* **Exercise brief**: Go line by line through the data and copy those with the word "using".
(Data to use begins)
lemma pI_dvd_mult_cases:
  assumes I: "subgroup I G" and xy: "pI I dvd x * y"
  shows "pI I dvd x \<or> pI I dvd y"
proof -
  let ?E = "class_indicator G (carrier G) I"
  have E: "?E \<in> Atil G (carrier G)" using I by (simp add: class_indicator_Atil subgroup_self subgroup.subset)
  have "(\<lambda>K. x * ?E K) \<in> P (carrier G) \<or> (\<lambda>K. y * ?E K) \<in> P (carrier G)"
  proof (rule nakaoka_prime_carrierD[OF nakaoka_prime Atil_scale[OF E] Atil_scale[OF E]])
    fix L A B assume L: "subgroup L G" and A: "sle G A L" and B: "sle G B L"
    let ?Y = "\<lambda>J. nm G L A (res G A (\<lambda>K. x * ?E K)) J * nm G L B (res G B (\<lambda>K. y * ?E K)) J"
    show "?Y \<in> P L"
    proof (rule coordinatewise_dvd_imp_mem_ideal[OF finite_carrier L P_ideal[OF L]])
      show "?Y \<in> Atil G L" by (intro Atil_mult nm_res_Atil Atil_scale E L A B)
      show "\<forall>J. sle G J L \<longrightarrow> (\<exists>z\<in>P L. z J dvd ?Y J)"
      proof (intro allI impI)
        fix J
        let ?z = "\<lambda>C. nm G L C (res G C (\<lambda>K. pI I * ?E K))"
        have "(\<lambda>K. pI I * ?E K) \<in> P (carrier G)" using class_multiple_in_P_iff[OF I] by simp
        then have "?z C \<in> P L" if "sle G C L" for C
          using that L by (intro P_nm P_res[OF subgroup_self]) (auto simp: sle_def subgroup.subset)
        moreover have "?z A J dvd ?Y J \<or> ?z B J dvd ?Y J"
          using dvd_power_mult_cases[OF xy] by (simp add: res_scale nm_scale)
        ultimately show "\<exists>z\<in>P L. z J dvd ?Y J" using A B by blast
      qed
    qed
  qed
  then show ?thesis using class_multiple_in_P_iff[OF I] by simp
qed

lemma pI_dvd_p: assumes I: "subgroup I G" shows "pI I dvd p"
proof -
  obtain n where "pI I dvd p ^ n" using pI_dvd_power[OF I] by blast
  then show ?thesis
  proof (induction n)
    case 0
    then show ?case by (metis dvd_trans one_dvd power_0)
  next
    case (Suc n)
    then show ?case using pI_dvd_mult_cases[OF I, of p "p ^ n"] by auto
  qed
qed

lemma pI_cases: "subgroup I G \<Longrightarrow> pI I = 1 \<or> pI I = p"
  using pI_dvd_p pI_nonneg prime_p unfolding prime_int_iff by auto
(Data to use ends)
* **Your response**:
  have E: "?E \<in> Atil G (carrier G)" using I by (simp add: class_indicator_Atil subgroup_self subgroup.subset)
        have "(\<lambda>K. pI I * ?E K) \<in> P (carrier G)" using class_multiple_in_P_iff[OF I] by simp
          using that L by (intro P_nm P_res[OF subgroup_self]) (auto simp: sle_def subgroup.subset)
          using dvd_power_mult_cases[OF xy] by (simp add: res_scale nm_scale)
        ultimately show "\<exists>z\<in>P L. z J dvd ?Y J" using A B by blast
  then show ?thesis using class_multiple_in_P_iff[OF I] by simp
  obtain n where "pI I dvd p ^ n" using pI_dvd_power[OF I] by blast
    then show ?case using pI_dvd_mult_cases[OF I, of p "p ^ n"] by auto
  using pI_dvd_p pI_nonneg prime_p unfolding prime_int_iff by auto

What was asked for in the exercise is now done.